I'm looking to write a long string to an output stream.
Using HttpURLConnection you would implement it like so:
HttpURLConnection connection = (HttpURLConnection)url.openConnection();
OutputStream out = connection.getOutputStream();
Writer wout = new OutputStreamWriter(out);
writeXml(wout);
Is there a method using DefaultHttpClient similar to what I have above? How would I write to an OutputStream using DefaultHttpClient instead of HttpURLConnection?
e.g
DefaultHttpClient client = new DefaultHttpClient();
OutputStream outstream = (get OutputStream somehow)
Writer wout = new OutputStreamWriter(out);
I know that another answer has already been accepted, just for the record this is how one can write content out with HttpClient without intermediate buffering in memory.

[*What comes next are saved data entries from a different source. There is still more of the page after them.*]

(* For $T>0$ and $x\in[0,1]$ let $$I(x) = \frac{2x}{\pi}\int_{-T}^{T}\frac{e^s}{e^{2s}+x}\,ds.$$ Then for every $T>0$ and every $x\in[0,1]$, $$|\sqrt{x}-I(x)| < \frac{4}{\pi}e^{-T} < \frac32 e^{-T}.$$ *)

theory Defs
  imports "HOL-Analysis.Analysis"
begin

definition I_approx :: "real \<Rightarrow> real \<Rightarrow> real" where
  "I_approx T x = (2 * x / pi) * integral {-T..T} (\<lambda>s. exp s / (exp (2 * s) + x))"

end

theory Submission
  imports Defs
begin

text \<open>The substitution \<open>u = e\<^sup>s / \<surd>x\<close> gives the antiderivative
  \<open>arctan (e\<^sup>s / \<surd>x) / \<surd>x\<close>, and \<open>arctan (1/y) = \<pi>/2 - arctan y\<close> turns the integral into
  \<open>\<surd>x - I(x) = (2/\<pi>) \<surd>x (arctan (e\<^sup>-\<^sup>T \<surd>x) + arctan (e\<^sup>-\<^sup>T / \<surd>x))\<close>.
  This is positive, and \<open>arctan y < y\<close> bounds it by \<open>(2/\<pi>) (x e\<^sup>-\<^sup>T + e\<^sup>-\<^sup>T) \<le> (4/\<pi>) e\<^sup>-\<^sup>T\<close>.\<close>

lemma arctan_less_self:
  fixes y :: real
  assumes "0 < y"
  shows "arctan y < y"
proof -
  obtain z where z: "0 < z" "arctan y - arctan 0 = (y - 0) * inverse (1 + z\<^sup>2)"
    using MVT2[OF assms, of arctan "\<lambda>z. inverse (1 + z\<^sup>2)"] DERIV_arctan by blast
  have "inverse (1 + z\<^sup>2) < 1"
    using \<open>0 < z\<close> by (simp add: inverse_less_1_iff)
  with z assms show ?thesis
    by (simp add: mult_less_cancel_left1)
qed

lemma has_real_derivative_arctan_divide:
  fixes c u :: real
  assumes "0 < c"
  shows "((\<lambda>u. arctan (u / c) / c) has_real_derivative 1 / (u\<^sup>2 + c\<^sup>2)) (at u)"
proof -
  have "((\<lambda>u. arctan (u / c) / c) has_real_derivative inverse (1 + (u / c)\<^sup>2) * (1 / c) / c) (at u)"
    using assms by (auto intro!: derivative_eq_intros)
  moreover have "inverse (1 + (u / c)\<^sup>2) = c\<^sup>2 / (u\<^sup>2 + c\<^sup>2)"
    using assms by (simp add: field_simps power_divide add_nonneg_pos)
  ultimately show ?thesis
    using assms by (simp add: power2_eq_square)
qed

lemma has_integral_exp_divide_exp_double_plus_square:
  fixes a b c :: real
  assumes "a \<le> b" and "0 < c"
  shows "((\<lambda>s. exp s / (exp (2 * s) + c\<^sup>2))
           has_integral (arctan (exp b / c) - arctan (exp a / c)) / c) {a..b}"
proof -
  let ?F = "\<lambda>s. arctan (exp s / c) / c"
  have "(?F has_real_derivative exp s / (exp (2 * s) + c\<^sup>2)) (at s)" for s
    using DERIV_chain2[OF has_real_derivative_arctan_divide[OF \<open>0 < c\<close>] DERIV_exp]
    by (simp add: exp_double)
  then have "((\<lambda>s. exp s / (exp (2 * s) + c\<^sup>2)) has_integral ?F b - ?F a) {a..b}"
    using \<open>a \<le> b\<close>
    by (intro fundamental_theorem_of_calculus)
       (auto simp: has_real_derivative_iff_has_vector_derivative[symmetric]
             intro: has_field_derivative_at_within)
  then show ?thesis
    by (simp add: diff_divide_distrib)
qed

lemma sqrt_minus_I_approx:
  fixes T x :: real
  assumes "0 \<le> T" and "0 < x"
  shows "sqrt x - I_approx T x
           = 2 / pi * sqrt x * (arctan (exp (- T) * sqrt x) + arctan (exp (- T) / sqrt x))"
proof -
  define r where "r = sqrt x"
  define e where "e = exp (- T)"
  have "0 < r" "0 < e" and x: "x = r\<^sup>2"
    using assms by (simp_all add: r_def e_def)
  have "arctan (exp T / r) = pi / 2 - arctan (e * r)"
    using arctan_inverse[of "e * r"] \<open>0 < r\<close> \<open>0 < e\<close> by (simp add: e_def exp_minus field_simps)
  moreover have "integral {-T..T} (\<lambda>s. exp s / (exp (2 * s) + x))
                   = (arctan (exp T / r) - arctan (e / r)) / r"
    using has_integral_exp_divide_exp_double_plus_square[of "- T" T r] assms \<open>0 < r\<close>
    by (simp add: x e_def integral_unique)
  ultimately have "I_approx T x = 2 * r / pi * (pi / 2 - arctan (e * r) - arctan (e / r))"
    using \<open>0 < r\<close> by (simp add: I_approx_def x power2_eq_square)
  then show ?thesis
    by (simp add: r_def [symmetric] e_def [symmetric] field_simps)
qed

lemma arctan_sum_error_bounds:
  fixes e r :: real
  assumes "0 < e" and "0 < r" and "r \<le> 1"
  shows "0 < r * (arctan (e * r) + arctan (e / r))"
    and "r * (arctan (e * r) + arctan (e / r)) < 2 * e"
proof -
  show "0 < r * (arctan (e * r) + arctan (e / r))"
    using assms by (simp add: add_pos_pos)
  have "r * arctan (e * r) < r * (e * r)"
    using assms by (intro mult_strict_left_mono arctan_less_self) simp_all
  also have "\<dots> \<le> e"
    using assms mult_left_le[of "r * r" e] mult_le_one[of r r] by (simp add: algebra_simps)
  finally have "r * arctan (e * r) < e" .
  moreover have "r * arctan (e / r) < r * (e / r)"
    using assms by (intro mult_strict_left_mono arctan_less_self) simp_all
  ultimately show "r * (arctan (e * r) + arctan (e / r)) < 2 * e"
    using \<open>0 < r\<close> by (simp add: distrib_left)
qed

theorem lemmaA1:
  fixes T x :: real
  assumes "T > 0" and "0 \<le> x" and "x \<le> 1"
  shows "\<bar>sqrt x - I_approx T x\<bar> < (4 / pi) * exp (- T)
         \<and> (4 / pi) * exp (- T) < (3 / 2) * exp (- T)"
proof
  show "(4 / pi) * exp (- T) < (3 / 2) * exp (- T)"
    using pi_gt3 by (simp add: field_simps)
  show "\<bar>sqrt x - I_approx T x\<bar> < (4 / pi) * exp (- T)"
  proof (cases "x = 0")
    case True
    then show ?thesis
      by (simp add: I_approx_def)
  next
    case False
    let ?D = "sqrt x * (arctan (exp (- T) * sqrt x) + arctan (exp (- T) / sqrt x))"
    have "0 < ?D" "?D < 2 * exp (- T)"
      using arctan_sum_error_bounds[of "exp (- T)" "sqrt x"] False assms by simp_all
    moreover have "sqrt x - I_approx T x = 2 / pi * ?D"
      using sqrt_minus_I_approx[of T x] False assms by simp
    ultimately have "\<bar>sqrt x - I_approx T x\<bar> = 2 / pi * ?D"
      by simp
    also have "\<dots> < 2 / pi * (2 * exp (- T))"
      using \<open>?D < 2 * exp (- T)\<close> by (intro mult_strict_left_mono) simp_all
    finally show ?thesis
      by simp
  qed
qed

end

AbstractHttpEntity entity = new AbstractHttpEntity() {
public boolean isRepeatable() {
return false;
}
public long getContentLength() {
return -1;
}
public boolean isStreaming() {
return false;
}
public InputStream getContent() throws IOException {
// Should be implemented as well but is irrelevant for this case
throw new UnsupportedOperationException();
}
public void writeTo(final OutputStream outstream) throws IOException {
Writer writer = new OutputStreamWriter(outstream, "UTF-8");
writeXml(writer);
writer.flush();
}
};
HttpPost request = new HttpPost(uri);
request.setEntity(entity);
You can't get an OutputStream from BasicHttpClient directly. You have to create an HttpUriRequest object and give it an HttpEntity that encapsulates the content you want to sent. For instance, if your output is small enough to fit in memory, you might do the following:
// Produce the output
ByteArrayOutputStream out = new ByteArrayOutputStream();
Writer writer = new OutputStreamWriter(out, "UTF-8");
writeXml(writer);
// Create the request
HttpPost request = new HttpPost(uri);
request.setEntity(new ByteArrayEntity(out.toByteArray()));
// Send the request
DefaultHttpClient client = new DefaultHttpClient();
HttpResponse response = client.execute(request);
If the data is large enough that you need to stream it, it becomes more difficult because there's no HttpEntity implementation that accepts an OutputStream. You'd need to write to a temp file and use FileEntity or possibly set up a pipe and use InputStreamEntity
EDIT See oleg's answer for sample code that demonstrates how to stream the content - you don't need a temp file or pipe after all.
This worked well on android. It should also work for large files, as no buffering is needed.
PipedOutputStream out = new PipedOutputStream();
PipedInputStream in = new PipedInputStream();
out.connect(in);
new Thread() {
#Override
public void run() {
//create your http request
InputStreamEntity entity = new InputStreamEntity(in, -1);
request.setEntity(entity);
client.execute(request,...);
//When this line is reached your data is actually written
}
}.start();
//do whatever you like with your outputstream.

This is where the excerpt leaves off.